Directions for this task - Please repeat the lines below, exactly and only, from the one that holds "(X (Suc n) \<omega>" through the one that holds "j \<and> real".

*** Information supplied Section Begins ***

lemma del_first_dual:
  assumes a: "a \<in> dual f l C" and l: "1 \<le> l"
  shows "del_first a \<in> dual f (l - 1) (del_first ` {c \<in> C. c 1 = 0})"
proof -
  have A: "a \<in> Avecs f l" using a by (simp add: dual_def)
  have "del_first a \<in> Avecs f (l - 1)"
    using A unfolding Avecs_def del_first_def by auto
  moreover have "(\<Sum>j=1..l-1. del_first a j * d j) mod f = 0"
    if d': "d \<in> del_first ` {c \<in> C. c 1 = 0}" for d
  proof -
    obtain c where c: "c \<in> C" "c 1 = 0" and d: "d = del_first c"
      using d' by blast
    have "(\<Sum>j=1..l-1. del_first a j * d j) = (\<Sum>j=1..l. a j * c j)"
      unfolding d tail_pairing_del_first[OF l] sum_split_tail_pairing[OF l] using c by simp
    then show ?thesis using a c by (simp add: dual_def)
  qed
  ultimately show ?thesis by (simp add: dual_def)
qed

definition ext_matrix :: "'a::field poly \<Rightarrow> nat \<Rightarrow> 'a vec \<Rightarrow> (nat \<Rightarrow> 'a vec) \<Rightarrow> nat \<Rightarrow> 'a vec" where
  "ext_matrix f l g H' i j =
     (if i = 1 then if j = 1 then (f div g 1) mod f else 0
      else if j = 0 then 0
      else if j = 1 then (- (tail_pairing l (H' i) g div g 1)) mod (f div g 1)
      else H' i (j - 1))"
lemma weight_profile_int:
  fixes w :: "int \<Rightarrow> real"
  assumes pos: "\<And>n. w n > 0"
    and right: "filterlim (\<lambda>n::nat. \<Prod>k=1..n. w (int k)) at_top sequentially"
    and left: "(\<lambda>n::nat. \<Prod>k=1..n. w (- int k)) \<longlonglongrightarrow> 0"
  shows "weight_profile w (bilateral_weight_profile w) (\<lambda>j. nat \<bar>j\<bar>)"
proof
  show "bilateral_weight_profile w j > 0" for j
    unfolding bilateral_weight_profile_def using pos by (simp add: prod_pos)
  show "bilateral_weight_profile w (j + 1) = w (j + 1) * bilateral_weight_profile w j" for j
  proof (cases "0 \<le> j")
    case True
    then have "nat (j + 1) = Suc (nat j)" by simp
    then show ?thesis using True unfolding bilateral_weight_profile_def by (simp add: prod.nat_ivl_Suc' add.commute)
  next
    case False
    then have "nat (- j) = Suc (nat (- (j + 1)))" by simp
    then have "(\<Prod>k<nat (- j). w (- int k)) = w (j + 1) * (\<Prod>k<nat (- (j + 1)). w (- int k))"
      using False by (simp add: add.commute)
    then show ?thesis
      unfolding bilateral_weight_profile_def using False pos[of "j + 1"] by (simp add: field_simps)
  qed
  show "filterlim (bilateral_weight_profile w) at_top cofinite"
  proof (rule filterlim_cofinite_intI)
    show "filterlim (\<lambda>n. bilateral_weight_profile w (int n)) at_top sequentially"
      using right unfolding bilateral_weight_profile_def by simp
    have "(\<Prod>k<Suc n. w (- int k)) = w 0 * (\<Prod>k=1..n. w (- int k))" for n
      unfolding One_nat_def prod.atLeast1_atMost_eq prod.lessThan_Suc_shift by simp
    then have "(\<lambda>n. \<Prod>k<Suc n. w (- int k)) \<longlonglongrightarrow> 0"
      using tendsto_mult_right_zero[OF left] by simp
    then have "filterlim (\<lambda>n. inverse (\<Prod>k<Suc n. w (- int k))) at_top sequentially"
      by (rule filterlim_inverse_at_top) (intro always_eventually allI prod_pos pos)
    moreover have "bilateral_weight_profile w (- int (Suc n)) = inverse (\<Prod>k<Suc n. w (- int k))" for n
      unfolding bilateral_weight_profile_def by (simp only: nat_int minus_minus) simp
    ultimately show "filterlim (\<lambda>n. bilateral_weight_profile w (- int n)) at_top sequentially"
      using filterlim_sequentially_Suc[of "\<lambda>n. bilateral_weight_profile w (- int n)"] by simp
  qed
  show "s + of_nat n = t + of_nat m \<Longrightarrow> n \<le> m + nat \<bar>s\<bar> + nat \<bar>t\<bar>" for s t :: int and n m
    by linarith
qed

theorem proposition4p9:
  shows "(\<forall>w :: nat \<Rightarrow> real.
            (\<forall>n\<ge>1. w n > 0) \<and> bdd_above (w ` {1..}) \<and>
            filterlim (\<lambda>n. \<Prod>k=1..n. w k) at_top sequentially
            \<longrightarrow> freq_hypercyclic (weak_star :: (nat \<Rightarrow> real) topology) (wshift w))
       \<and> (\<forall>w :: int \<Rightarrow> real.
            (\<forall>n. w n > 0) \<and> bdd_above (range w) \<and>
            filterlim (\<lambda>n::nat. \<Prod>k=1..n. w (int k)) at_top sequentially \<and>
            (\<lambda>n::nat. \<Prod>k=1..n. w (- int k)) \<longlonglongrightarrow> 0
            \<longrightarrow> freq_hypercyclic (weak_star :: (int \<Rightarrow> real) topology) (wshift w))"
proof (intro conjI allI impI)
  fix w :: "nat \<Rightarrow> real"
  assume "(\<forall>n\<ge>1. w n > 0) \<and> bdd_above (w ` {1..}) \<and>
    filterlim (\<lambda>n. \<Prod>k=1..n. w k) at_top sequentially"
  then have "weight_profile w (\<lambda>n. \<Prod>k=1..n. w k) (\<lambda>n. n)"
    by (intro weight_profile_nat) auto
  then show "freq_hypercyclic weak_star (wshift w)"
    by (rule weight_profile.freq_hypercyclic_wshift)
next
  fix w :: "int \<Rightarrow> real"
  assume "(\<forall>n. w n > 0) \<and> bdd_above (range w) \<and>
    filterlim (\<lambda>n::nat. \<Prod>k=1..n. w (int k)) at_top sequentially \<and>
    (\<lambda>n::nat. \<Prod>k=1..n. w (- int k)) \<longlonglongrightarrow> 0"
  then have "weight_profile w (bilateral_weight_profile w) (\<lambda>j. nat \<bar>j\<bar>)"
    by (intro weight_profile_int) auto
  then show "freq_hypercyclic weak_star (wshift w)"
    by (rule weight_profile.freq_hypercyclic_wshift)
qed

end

*** Information supplied Section Ends ***
*** Information supplied Section Begins ***

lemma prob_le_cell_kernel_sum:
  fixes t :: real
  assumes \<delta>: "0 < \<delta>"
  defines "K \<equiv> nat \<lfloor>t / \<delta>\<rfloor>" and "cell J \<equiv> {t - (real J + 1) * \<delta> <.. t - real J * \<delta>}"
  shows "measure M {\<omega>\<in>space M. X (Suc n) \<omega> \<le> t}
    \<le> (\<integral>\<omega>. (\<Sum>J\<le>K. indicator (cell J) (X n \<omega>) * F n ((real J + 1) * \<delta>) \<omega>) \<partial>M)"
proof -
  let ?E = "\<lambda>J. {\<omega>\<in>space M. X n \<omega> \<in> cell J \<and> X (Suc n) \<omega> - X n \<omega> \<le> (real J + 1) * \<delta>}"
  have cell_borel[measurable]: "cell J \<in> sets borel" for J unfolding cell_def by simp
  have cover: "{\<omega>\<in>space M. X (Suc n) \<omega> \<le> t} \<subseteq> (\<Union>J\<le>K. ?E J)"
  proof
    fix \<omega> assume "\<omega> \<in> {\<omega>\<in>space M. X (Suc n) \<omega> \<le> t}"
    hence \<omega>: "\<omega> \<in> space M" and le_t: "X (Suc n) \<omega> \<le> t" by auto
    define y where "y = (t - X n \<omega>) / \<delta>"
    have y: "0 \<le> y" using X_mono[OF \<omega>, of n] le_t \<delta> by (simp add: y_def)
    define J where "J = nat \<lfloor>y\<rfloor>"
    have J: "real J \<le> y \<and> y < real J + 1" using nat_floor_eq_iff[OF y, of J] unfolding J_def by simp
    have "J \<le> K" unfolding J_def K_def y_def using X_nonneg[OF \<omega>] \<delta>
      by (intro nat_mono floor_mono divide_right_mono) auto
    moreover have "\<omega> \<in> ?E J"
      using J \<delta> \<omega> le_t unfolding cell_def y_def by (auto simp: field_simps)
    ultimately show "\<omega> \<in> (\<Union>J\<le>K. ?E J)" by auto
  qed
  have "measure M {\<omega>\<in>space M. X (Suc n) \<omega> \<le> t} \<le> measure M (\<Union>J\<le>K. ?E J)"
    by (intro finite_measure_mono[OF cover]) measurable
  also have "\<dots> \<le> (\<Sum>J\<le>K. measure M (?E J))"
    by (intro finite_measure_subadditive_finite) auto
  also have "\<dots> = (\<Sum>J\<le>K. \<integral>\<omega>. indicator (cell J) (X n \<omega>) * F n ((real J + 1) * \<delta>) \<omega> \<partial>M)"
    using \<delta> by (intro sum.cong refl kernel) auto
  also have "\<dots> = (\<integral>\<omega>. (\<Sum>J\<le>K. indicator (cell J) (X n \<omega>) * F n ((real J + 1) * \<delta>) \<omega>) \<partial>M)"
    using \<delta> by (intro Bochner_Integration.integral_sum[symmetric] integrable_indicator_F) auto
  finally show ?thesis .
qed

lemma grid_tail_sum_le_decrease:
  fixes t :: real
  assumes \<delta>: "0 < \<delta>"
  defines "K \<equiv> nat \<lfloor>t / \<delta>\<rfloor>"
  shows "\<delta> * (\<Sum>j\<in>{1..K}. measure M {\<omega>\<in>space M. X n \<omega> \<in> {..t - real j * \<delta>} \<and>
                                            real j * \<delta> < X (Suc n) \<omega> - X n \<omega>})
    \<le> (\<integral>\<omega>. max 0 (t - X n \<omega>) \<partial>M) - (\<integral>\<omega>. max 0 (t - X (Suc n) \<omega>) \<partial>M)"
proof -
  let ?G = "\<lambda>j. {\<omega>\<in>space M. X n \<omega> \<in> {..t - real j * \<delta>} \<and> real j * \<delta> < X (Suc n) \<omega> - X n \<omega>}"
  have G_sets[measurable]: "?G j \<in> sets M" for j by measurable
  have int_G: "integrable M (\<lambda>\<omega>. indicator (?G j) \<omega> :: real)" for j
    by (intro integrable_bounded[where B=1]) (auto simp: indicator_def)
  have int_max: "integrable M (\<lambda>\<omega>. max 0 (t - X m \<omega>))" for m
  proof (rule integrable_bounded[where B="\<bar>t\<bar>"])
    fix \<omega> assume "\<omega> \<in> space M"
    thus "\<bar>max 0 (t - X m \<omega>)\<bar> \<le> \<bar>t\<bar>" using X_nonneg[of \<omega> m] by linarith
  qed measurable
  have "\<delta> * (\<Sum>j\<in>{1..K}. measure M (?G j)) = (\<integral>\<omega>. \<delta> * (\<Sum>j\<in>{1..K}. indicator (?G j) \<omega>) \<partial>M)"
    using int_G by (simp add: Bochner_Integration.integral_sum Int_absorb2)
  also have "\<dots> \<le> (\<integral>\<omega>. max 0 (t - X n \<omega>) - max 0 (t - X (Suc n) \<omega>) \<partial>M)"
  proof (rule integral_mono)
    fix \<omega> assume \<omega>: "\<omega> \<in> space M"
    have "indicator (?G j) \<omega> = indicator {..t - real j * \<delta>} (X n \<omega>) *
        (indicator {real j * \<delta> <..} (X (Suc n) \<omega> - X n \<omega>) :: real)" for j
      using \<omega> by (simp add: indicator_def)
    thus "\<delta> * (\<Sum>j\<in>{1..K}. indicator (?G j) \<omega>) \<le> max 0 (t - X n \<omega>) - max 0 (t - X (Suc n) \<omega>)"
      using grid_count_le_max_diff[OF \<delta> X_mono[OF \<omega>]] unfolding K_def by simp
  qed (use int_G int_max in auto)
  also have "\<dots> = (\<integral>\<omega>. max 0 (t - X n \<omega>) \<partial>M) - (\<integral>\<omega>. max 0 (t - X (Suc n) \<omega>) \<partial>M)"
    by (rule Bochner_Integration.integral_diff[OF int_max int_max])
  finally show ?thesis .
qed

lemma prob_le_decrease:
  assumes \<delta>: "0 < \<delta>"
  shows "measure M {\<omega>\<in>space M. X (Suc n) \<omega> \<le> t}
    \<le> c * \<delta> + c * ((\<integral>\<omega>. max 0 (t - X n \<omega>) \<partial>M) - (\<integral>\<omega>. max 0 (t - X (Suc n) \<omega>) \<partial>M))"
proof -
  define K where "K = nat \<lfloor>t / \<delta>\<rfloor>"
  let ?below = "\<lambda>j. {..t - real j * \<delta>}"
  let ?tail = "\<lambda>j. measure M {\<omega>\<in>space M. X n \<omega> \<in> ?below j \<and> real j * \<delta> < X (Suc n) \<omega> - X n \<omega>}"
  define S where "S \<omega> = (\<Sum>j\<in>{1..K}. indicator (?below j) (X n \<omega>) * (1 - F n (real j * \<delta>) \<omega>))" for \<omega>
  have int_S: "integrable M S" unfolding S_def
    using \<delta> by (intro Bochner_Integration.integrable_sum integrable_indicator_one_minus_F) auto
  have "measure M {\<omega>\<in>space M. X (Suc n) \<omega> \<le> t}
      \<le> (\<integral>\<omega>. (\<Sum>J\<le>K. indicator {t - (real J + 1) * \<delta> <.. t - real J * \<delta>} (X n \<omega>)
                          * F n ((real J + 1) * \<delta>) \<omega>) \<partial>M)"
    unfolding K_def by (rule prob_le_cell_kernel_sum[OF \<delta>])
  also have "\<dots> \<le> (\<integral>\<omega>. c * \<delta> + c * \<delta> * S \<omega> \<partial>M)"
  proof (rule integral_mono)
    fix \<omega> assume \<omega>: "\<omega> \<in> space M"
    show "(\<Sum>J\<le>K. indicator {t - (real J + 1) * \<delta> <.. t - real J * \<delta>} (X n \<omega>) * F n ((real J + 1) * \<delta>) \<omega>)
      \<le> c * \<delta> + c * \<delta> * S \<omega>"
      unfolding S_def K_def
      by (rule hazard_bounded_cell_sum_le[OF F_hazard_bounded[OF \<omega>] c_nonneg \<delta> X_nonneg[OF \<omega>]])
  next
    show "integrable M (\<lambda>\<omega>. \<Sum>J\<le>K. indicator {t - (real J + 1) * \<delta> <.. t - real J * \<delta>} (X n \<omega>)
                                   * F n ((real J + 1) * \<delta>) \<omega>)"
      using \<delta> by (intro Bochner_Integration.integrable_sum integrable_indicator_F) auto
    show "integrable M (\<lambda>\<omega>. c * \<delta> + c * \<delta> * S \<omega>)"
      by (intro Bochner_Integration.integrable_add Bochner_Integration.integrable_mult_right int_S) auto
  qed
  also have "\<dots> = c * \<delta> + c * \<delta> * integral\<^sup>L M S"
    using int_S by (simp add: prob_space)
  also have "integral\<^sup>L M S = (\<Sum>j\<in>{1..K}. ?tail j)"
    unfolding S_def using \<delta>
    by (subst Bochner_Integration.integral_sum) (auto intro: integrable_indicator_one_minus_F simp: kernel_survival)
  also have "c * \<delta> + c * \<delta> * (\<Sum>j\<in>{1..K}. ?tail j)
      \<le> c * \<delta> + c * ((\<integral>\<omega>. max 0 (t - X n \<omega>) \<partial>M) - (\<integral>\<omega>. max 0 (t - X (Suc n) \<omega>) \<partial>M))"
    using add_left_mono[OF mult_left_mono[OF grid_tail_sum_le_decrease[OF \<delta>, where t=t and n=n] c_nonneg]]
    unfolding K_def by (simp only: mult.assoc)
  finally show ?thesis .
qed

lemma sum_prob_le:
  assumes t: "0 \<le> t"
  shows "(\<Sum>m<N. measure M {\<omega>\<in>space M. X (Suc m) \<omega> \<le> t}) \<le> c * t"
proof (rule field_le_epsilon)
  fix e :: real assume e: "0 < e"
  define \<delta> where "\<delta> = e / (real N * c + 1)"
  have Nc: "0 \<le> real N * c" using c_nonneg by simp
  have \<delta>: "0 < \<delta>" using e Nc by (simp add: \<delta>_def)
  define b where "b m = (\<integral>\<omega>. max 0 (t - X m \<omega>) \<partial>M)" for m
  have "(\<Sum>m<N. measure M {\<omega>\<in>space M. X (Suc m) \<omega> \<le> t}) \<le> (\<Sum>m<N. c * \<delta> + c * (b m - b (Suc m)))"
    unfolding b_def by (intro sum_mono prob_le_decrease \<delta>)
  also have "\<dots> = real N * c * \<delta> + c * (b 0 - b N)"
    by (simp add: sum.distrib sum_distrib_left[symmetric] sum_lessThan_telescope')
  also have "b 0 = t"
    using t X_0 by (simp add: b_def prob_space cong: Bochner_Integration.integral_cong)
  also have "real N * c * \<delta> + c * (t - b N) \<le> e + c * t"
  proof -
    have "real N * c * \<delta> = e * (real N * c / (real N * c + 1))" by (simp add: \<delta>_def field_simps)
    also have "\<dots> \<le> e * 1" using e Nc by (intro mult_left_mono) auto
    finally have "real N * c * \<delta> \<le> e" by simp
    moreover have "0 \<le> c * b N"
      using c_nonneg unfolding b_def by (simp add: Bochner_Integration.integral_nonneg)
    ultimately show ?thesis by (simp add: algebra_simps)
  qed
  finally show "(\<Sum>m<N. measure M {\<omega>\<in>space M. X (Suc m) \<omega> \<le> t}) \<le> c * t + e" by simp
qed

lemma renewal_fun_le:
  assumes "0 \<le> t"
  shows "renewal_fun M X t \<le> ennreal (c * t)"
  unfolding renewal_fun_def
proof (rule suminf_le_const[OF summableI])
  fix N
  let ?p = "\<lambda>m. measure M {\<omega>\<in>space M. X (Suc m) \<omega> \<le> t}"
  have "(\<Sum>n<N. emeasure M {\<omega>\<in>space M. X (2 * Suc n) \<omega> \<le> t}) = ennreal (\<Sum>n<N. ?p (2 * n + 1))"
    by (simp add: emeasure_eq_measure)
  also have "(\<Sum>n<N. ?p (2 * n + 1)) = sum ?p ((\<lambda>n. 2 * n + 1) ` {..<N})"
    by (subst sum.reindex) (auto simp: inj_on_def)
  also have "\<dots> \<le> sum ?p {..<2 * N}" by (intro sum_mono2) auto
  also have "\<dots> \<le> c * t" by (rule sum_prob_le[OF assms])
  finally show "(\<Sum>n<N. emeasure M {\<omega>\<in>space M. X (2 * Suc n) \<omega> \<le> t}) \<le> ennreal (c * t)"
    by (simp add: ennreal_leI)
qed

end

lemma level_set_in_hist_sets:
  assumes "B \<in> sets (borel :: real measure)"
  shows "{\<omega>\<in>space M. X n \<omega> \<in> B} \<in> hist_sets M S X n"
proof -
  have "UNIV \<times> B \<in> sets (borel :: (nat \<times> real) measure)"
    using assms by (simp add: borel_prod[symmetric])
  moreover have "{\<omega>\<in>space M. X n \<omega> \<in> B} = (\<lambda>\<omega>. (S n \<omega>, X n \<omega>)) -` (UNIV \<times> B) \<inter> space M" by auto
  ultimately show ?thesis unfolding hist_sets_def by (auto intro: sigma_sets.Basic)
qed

*** Information supplied Section Ends ***

Task output -
        (indicator {real j * \<delta> <..} (X (Suc n) \<omega> - X n \<omega>) :: real)" for j
      using \<omega> by (simp add: indicator_def)
    thus "\<delta> * (\<Sum>j\<in>{1..K}. indicator (?G j) \<omega>) \<le> max 0 (t - X n \<omega>) - max 0 (t - X (Suc n) \<omega>)"
      using grid_count_le_max_diff[OF \<delta> X_mono[OF \<omega>]] unfolding K_def by simp
  qed (use int_G int_max in auto)
  also have "\<dots> = (\<integral>\<omega>. max 0 (t - X n \<omega>) \<partial>M) - (\<integral>\<omega>. max 0 (t - X (Suc n) \<omega>) \<partial>M)"
    by (rule Bochner_Integration.integral_diff[OF int_max int_max])
  finally show ?thesis .
qed

lemma prob_le_decrease:
  assumes \<delta>: "0 < \<delta>"
  shows "measure M {\<omega>\<in>space M. X (Suc n) \<omega> \<le> t}
    \<le> c * \<delta> + c * ((\<integral>\<omega>. max 0 (t - X n \<omega>) \<partial>M) - (\<integral>\<omega>. max 0 (t - X (Suc n) \<omega>) \<partial>M))"
proof -
  define K where "K = nat \<lfloor>t / \<delta>\<rfloor>"
  let ?below = "\<lambda>j. {..t - real j * \<delta>}"
  let ?tail = "\<lambda>j. measure M {\<omega>\<in>space M. X n \<omega> \<in> ?below j \<and> real j * \<delta> < X (Suc n) \<omega> - X n \<omega>}"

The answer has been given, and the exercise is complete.